Ok, I'm going to upload a newer better version. I've been spending too much time on this little project, but I guess I'm enjoying and learning at the same time.
My main concern is how easy this could be integrated with platforms. While yeah python is extremely portable, it was kind of made after the days of DOS. Getting one that works takes some digging/trial and error especially with DOSBox. I'd like for it to work with DOSbox, mainly because that's what I'm using but there's some limitations such as no long file names, and I don't think it handles environment variables correctly either (one python installation kept looking for /usr/bin, even though I set the appropriate environment variables).
I also have a kinda crazy solution to this. Making a sort of 'monitoring' program with python and have it run on the host environment (instead of trying to make it fit into DOS with XCOM). Then when the switching is made from geoscape to tactical a batch file or simple program can wait until a certain file exists (which the monitoring system would make once it's done). Then the batch program would delete the file and continue on to tactical or geoscape. I am mainly thinking to do this to give python a bit more speed. The python that I can get to run on DOS box takes about 2-3 seconds to load (because of the 32-bit DOS extender). Once it is up, it's being emulated so the speed isn't exactly great either.
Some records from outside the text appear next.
(* Let $(c,\alpha,\beta,\phi)$ be a solution of the Rayleigh–Kuo equation $-\phi''+\alpha^{2}\phi-\frac{\beta-U''}{U-c}\phi=0$ on $(y_1,y_2)$ with $\phi(y_1)=\phi(y_2)=0$, where $\phi\in H^{2}(y_1,y_2)$. Then (i) $\langle L_{\alpha}\omega,\omega\rangle=(c-U_{\beta})\int_{y_{1}}^{y_{2}}\frac{\beta-U''}{|U-c|^{2}}|\phi|^{2}\,dy$, where $\omega=-\phi''+\alpha^{2}\phi$. (ii) If $(c,\alpha,\beta,\phi)$ is an unstable mode (i.e. $\operatorname{Im}c>0$), then $\langle L_{\alpha}\omega,\omega\rangle=0$. (iii) If $(c,\alpha,\beta,\phi)$ is a regular or non-resonant neutral limiting mode, then $\langle L_{\alpha}\omega,\omega\rangle=0$. If $(c,\alpha,\beta,\phi)$ is a singular neutral limiting mode, then $\langle L_{\alpha}\omega,\omega\rangle\leq 0$.
   Context: Let $U\in C^{3}([y_1,y_2])$ be a non-constant shear flow in class $\mathcal{K}^{+}$: for each $\beta$ in the range of $U''$ there is $U_\beta$ in the range of $U$ such that $K_\beta(y)=\frac{\beta-U''(y)}{U(y)-U_\beta}$ is positive and bounded on $[y_1,y_2]$. Fix $\beta\in(\min U'',\max U'')$ and $\alpha>0$. On $Y=L^{2}_{1/K_\beta}(y_1,y_2)$ define the self-adjoint operator $L_{\alpha}=\frac{1}{K_{\beta}}-\left(-\frac{d^{2}}{dy^{2}}+\alpha^{2}\right)^{-1}$ (inverse taken with Dirichlet boundary conditions at $y_1,y_2$), so that $\langle L_\alpha\omega,\omega\rangle=\int_{y_1}^{y_2}\left(\frac{\omega}{K_\beta}-\psi\right)\bar\omega\,dy$ with $\psi=(-\frac{d^2}{dy^2}+\alpha^2)^{-1}\omega$. A neutral limiting mode $(c_s,\alpha_s,\beta,\phi_s)$ is one with $c_s\in\mathbb{R}$, $\alpha_s>0$, obtained as a limit of unstable modes $(c_k,\alpha_k,\beta,\phi_k)$ ($\operatorname{Im}c_k>0$, $\|\phi_k\|_{L^2}=1$) with $c_k\to c_s$, $\alpha_k\to\alpha_s$, $\phi_k\to\phi_s$ uniformly on compact subsets of $[y_1,y_2]\setminus\{U=c_s\}$, and $\phi_s$ solving $(U-c_s)(-\phi_s''+\alpha_s^2\phi_s)-(\beta-U'')\phi_s=0$ there. A neutral mode is called regular if $c=U_\beta$, singular if $c=U(y_1)$, $c=U(y_2)$, or $c$ is a critical value of $U$, and non-resonant if $c$ is outside the range of $U$. *)

theory Defs
  imports "HOL-Analysis.Analysis"
begin

definition C3_on :: "real \<Rightarrow> real \<Rightarrow> (real \<Rightarrow> real) \<Rightarrow> (real \<Rightarrow> real) \<Rightarrow> (real \<Rightarrow> real) \<Rightarrow> (real \<Rightarrow> real) \<Rightarrow> bool" where
  "C3_on y1 y2 U U1 U2 U3 \<longleftrightarrow> y1 < y2 \<and>
     (\<forall>y\<in>{y1..y2}. (U has_real_derivative U1 y) (at y within {y1..y2}) \<and>
                   (U1 has_real_derivative U2 y) (at y within {y1..y2}) \<and>
                   (U2 has_real_derivative U3 y) (at y within {y1..y2})) \<and>
     continuous_on {y1..y2} U3"

definition Kuo_K :: "(real \<Rightarrow> real) \<Rightarrow> (real \<Rightarrow> real) \<Rightarrow> real \<Rightarrow> real \<Rightarrow> real \<Rightarrow> real \<Rightarrow> (real \<Rightarrow> real) \<Rightarrow> bool" where
  "Kuo_K U U2 y1 y2 \<beta> Ub K \<longleftrightarrow> Ub \<in> U ` {y1..y2} \<and>
     (\<forall>y\<in>{y1..y2}. 0 < K y \<and> K y * (U y - Ub) = \<beta> - U2 y) \<and> bounded (K ` {y1..y2})"

definition classKplus :: "(real \<Rightarrow> real) \<Rightarrow> (real \<Rightarrow> real) \<Rightarrow> real \<Rightarrow> real \<Rightarrow> bool" where
  "classKplus U U2 y1 y2 \<longleftrightarrow> (\<forall>\<beta>\<in>U2 ` {y1..y2}. \<exists>Ub K. Kuo_K U U2 y1 y2 \<beta> Ub K)"

text \<open>f in H^2(a,b): f, f1 absolutely continuous with f1 = f', f2 = f'' (a.e.) and f2 in L^2(a,b).\<close>
definition H2_on :: "real \<Rightarrow> real \<Rightarrow> (real \<Rightarrow> complex) \<Rightarrow> (real \<Rightarrow> complex) \<Rightarrow> (real \<Rightarrow> complex) \<Rightarrow> bool" where
  "H2_on a b f f1 f2 \<longleftrightarrow>
     set_borel_measurable lborel {a..b} f2 \<and>
     set_integrable lborel {a..b} (\<lambda>y. (cmod (f2 y))\<^sup>2) \<and>
     (\<forall>x\<in>{a..b}. f1 x = f1 a + (LINT t:{a..x}|lborel. f2 t)) \<and>
     (\<forall>x\<in>{a..b}. f x = f a + (LINT t:{a..x}|lborel. f1 t))"

definition rk_solution :: "(real \<Rightarrow> real) \<Rightarrow> (real \<Rightarrow> real) \<Rightarrow> real \<Rightarrow> real \<Rightarrow> complex \<Rightarrow> real \<Rightarrow> real
    \<Rightarrow> (real \<Rightarrow> complex) \<Rightarrow> (real \<Rightarrow> complex) \<Rightarrow> (real \<Rightarrow> complex) \<Rightarrow> bool" where
  "rk_solution U U2 y1 y2 c \<alpha> \<beta> \<phi> \<phi>1 \<phi>2 \<longleftrightarrow>
     H2_on y1 y2 \<phi> \<phi>1 \<phi>2 \<and> \<phi> y1 = 0 \<and> \<phi> y2 = 0 \<and>
     (AE y in lborel. y \<in> {y1<..<y2} \<longrightarrow>
        - \<phi>2 y + of_real (\<alpha>\<^sup>2) * \<phi> y - of_real (\<beta> - U2 y) / (of_real (U y) - c) * \<phi> y = 0)"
As a side note I tried to get python to compile to a 16-bit DOS program (I downloaded 1.5.2 source and hacked away). It has been very frustrating just getting to compile, then to maybe run. I did get an interpreter prompt a few times but I couldn't import any modules (including site) because it was out of memory. I started getting the impression I was trying to get a square peg into a round hole.
Alright, well if anyone's keeping track there's a pretty big change I did. I found out about the struct module in python that loads C-structs from files, much much faster than my parsing code. There's only a few file structures that aren't implemented but most of those are files we don't understand yet. Well on second thought I don't really have any 'maps' decoded, mainly because there are great tools for them already and using this structure would be tedious if not silly.
There's a module/folder datfile that contains all the data specific loaders that will be the 'back-end' for the project. They are basically there to provide a python-ic interface each of the files, and I'm actually kinda proud how much those can do.
I guess I'll go into detail a bit on how it's set up. Each file is split into records, many have lots of records like soldiers (250), while others only have 1 like saveinfo. To load a file simply import the datfile module with the same name as the file (or of the same format, ie obpos can be used for obpos2). Inside each of the files is a class of the same name but with 'dat' appended to the end. They simply need file to load (either when contructed or explicitly through load). Alright enough blabberin, I'll give an example
from datfile.soldier import Soldierdat
x = Soldierdat('missdat\\soldier.dat') #Don't forget to escape the back slashes in the path
x.iniFiring = 60 #Set the initial firing accuracy to 60
x.incFiring = 10 #set the increase in firing to 10, thus he has 70 accuracy
print x.getField("Rank") #Returns the formatted Rank of the soldier, x.Rank is the actual
#number stored in the file
x.Rank = 15 #This is an invalid value and will raise an exception unless...
x.unlock() #Unlocks the data checks to allow values that could not be obtained
x.enforce(True) #enables (or disables if argument is false) the lock
x.getEnforce() #returns the state of locking/enforcement
x['Rank'] #this will also get the rank value (just the number)
x.pprint() #does a pretty print, basically giving long descriptions and formatting
#of the values ie Booleans will be 'Yes/No' Ranks, armor, etc will
#map to string values
x #numbers can be used as well, they are in the order of file and also
#include 'Unknown' values that are left as raw strings. These values
#can be modified and can be reached by a name like _UNKNOWN_##
for s in x:
print s #This will print all the raw values for the soldier
x.parseAll() #This will parse all the records, 250 in this case of Soldier.dat
#Normally the records are parsed on demand. Loading a file just places
#the entire file (as a string) in the variable. The record classes
#are not made until they are requested or explicitly parsed. Also
#parsing a record will remove any unsaved changes
for s in x:
print s.Name, s.Kills, s.Missions #Prints every soldier's (including dead and unused slots) name, kills and
Ok, I also have a psudo-front end for the soldiers called soldInfo.py (I'm sticking to 8x3 filenames) That has a slightly better interface for soldiers, and pprint() will print more like a grid (along with ASCII-ified stat bars). For example if s is an instance then s.firing would return the total
firing for the first soldier, and s.bravery will return the ingame result for bravery (stored differently in the file). Of course these values can't be changed mainly to save myself headaches. You can do s.data to get the same data interface as above so s.data.incFiring = 10 will work.
Ok, back to coding, just keep in mind I haven't really tested these much.